Prior to any type of investigation, a study protocol must be established, contemplating methodological and technical aspects which will be applied in the course of the study. To this effect, it is very important to establish an epidemiological design adapted to the planned study objectives, and to adopt a rigorous and explicit methodology.

It is advisable for the protocol to include a case report form to be used in the measurement and collection of the information from clinical or case histories, or by means of some other kind of procedure. The case report form should specify each and every one of the fields which the investigator considers necessary for the study, with specifications where possible of the coding system used in each case.

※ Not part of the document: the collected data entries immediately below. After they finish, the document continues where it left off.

lemma sum_marked_paths_eq_ballot_gf:
  fixes q :: "'a::field"
  shows "(\<Sum>D\<in>marked_paths s t r. q powi vmr D) = ballot_gf q s t r"
proof -
  have "marked_paths s t r = Sigma (ballot_paths s t) (\<lambda>xs. markings (returns xs) r)"
    by (auto simp: marked_paths_def ballot_paths_def markings_def)
  then have "(\<Sum>D\<in>marked_paths s t r. q powi vmr D)
      = (\<Sum>(xs, M)\<in>Sigma (ballot_paths s t) (\<lambda>xs. markings (returns xs) r). q ^ marked_weight xs M)"
    by (auto simp: vmr_eq_marked_weight markings_def intro!: sum.cong)
  also have "\<dots> = ballot_gf q s t r"
    unfolding ballot_gf_def marking_gf_def
    by (rule sum.Sigma[symmetric]) (auto simp: finite_ballot_paths finite_markings finite_returns)
  finally show ?thesis .
qed

lemma ballot_gf_right_0: "ballot_gf q s 0 r = (if r = 0 then 1 else 0)"
proof -
  have "ballot_paths s 0 = {replicate s True}"
    by (auto simp: ballot_paths_def ballot_path_right_0)
  moreover have "returns (replicate s True) = {}"
    using returns_subset_valleys valleys_replicate_True by blast
  ultimately show ?thesis
    by (simp add: ballot_gf_def marking_gf_def markings_empty marked_weight_def maj_def
        valleys_replicate_True)
qed

lemma ballot_gf_split_last:
  "ballot_gf q (Suc s) (Suc t) r
    = (\<Sum>xs\<in>ballot_paths s (Suc t). marking_gf q (xs @ [True]) r)
      + (if t < Suc s then ballot_gf q (Suc s) t r else 0)"
  unfolding ballot_gf_def
  by (subst sum_split_last[OF finite_ballot_paths Nil_notin_ballot_paths])
    (simp_all add: ballot_paths_snoc_True ballot_paths_snoc_False marking_gf_snoc_False)

lemma sum_marking_gf_snoc_True:
  assumes "0 < s + t"
  shows "(\<Sum>xs\<in>ballot_paths s t. marking_gf q (xs @ [True]) r) = ballot_gf q s t r
    + (\<Sum>ys | ys @ [False] \<in> ballot_paths s t. marking_gf q (ys @ [False, True]) r - marking_gf q ys r)"
proof -
  let ?growth = "\<lambda>xs. marking_gf q (xs @ [True]) r - marking_gf q xs r"
  have "(\<Sum>xs\<in>ballot_paths s t. marking_gf q (xs @ [True]) r) = ballot_gf q s t r
      + (\<Sum>xs\<in>ballot_paths s t. ?growth xs)"
    by (simp add: ballot_gf_def sum_subtractf)
  also have "(\<Sum>xs\<in>ballot_paths s t. ?growth xs)
      = (\<Sum>ys | ys @ [True] \<in> ballot_paths s t. ?growth (ys @ [True]))
        + (\<Sum>ys | ys @ [False] \<in> ballot_paths s t. ?growth (ys @ [False]))"
    by (rule sum_split_last[OF finite_ballot_paths Nil_notin_ballot_paths[OF assms]])
  finally show ?thesis
    by (simp add: marking_gf_snoc_True_True marking_gf_snoc_False)
qed

lemma ballot_gf_rec:
  assumes "Suc t < s"
  shows "ballot_gf q (Suc s) (Suc t) r
    = ballot_gf q s (Suc t) r + (q ^ (s + Suc t) - 1) * ballot_gf q s t r + ballot_gf q (Suc s) t r"
proof -
  have "(\<Sum>ys | ys @ [False] \<in> ballot_paths s (Suc t). marking_gf q (ys @ [False, True]) r - marking_gf q ys r)
      = (q ^ (s + Suc t) - 1) * ballot_gf q s t r"
    unfolding ballot_gf_def sum_distrib_left
  proof (rule sum.cong)
    fix ys assume "ys \<in> ballot_paths s t"
    then have ys: "ballot_path s t ys" by (simp add: ballot_paths_def)
    then have "length ys = s + t" by (simp add: ballot_path_def)
    moreover have "path_height (ys @ [False]) (Suc (length ys)) \<noteq> 0"
      using assms ballot_path_height_snoc_False[OF ys] by simp
    ultimately show "marking_gf q (ys @ [False, True]) r - marking_gf q ys r
        = (q ^ (s + Suc t) - 1) * marking_gf q ys r"
      by (simp add: marking_gf_valley algebra_simps)
  qed (use assms in \<open>simp add: ballot_paths_snoc_False\<close>)
  then show ?thesis
    using ballot_gf_split_last[of q s t r] sum_marking_gf_snoc_True[of s "Suc t" q r] assms
    by simp
qed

Once the information corresponding to the case sample or series specified in the protocol has been obtained, computer-based data input is required1. Good data input is a decisive element for ensuring that the subsequent analyses are correct. It is common practice to design databases in which the variables have not been well defined, or where the information has not been entered with uniform or homogeneous criteria. This results in the need for later restructuring of the data files, with the associated waste of time and resources.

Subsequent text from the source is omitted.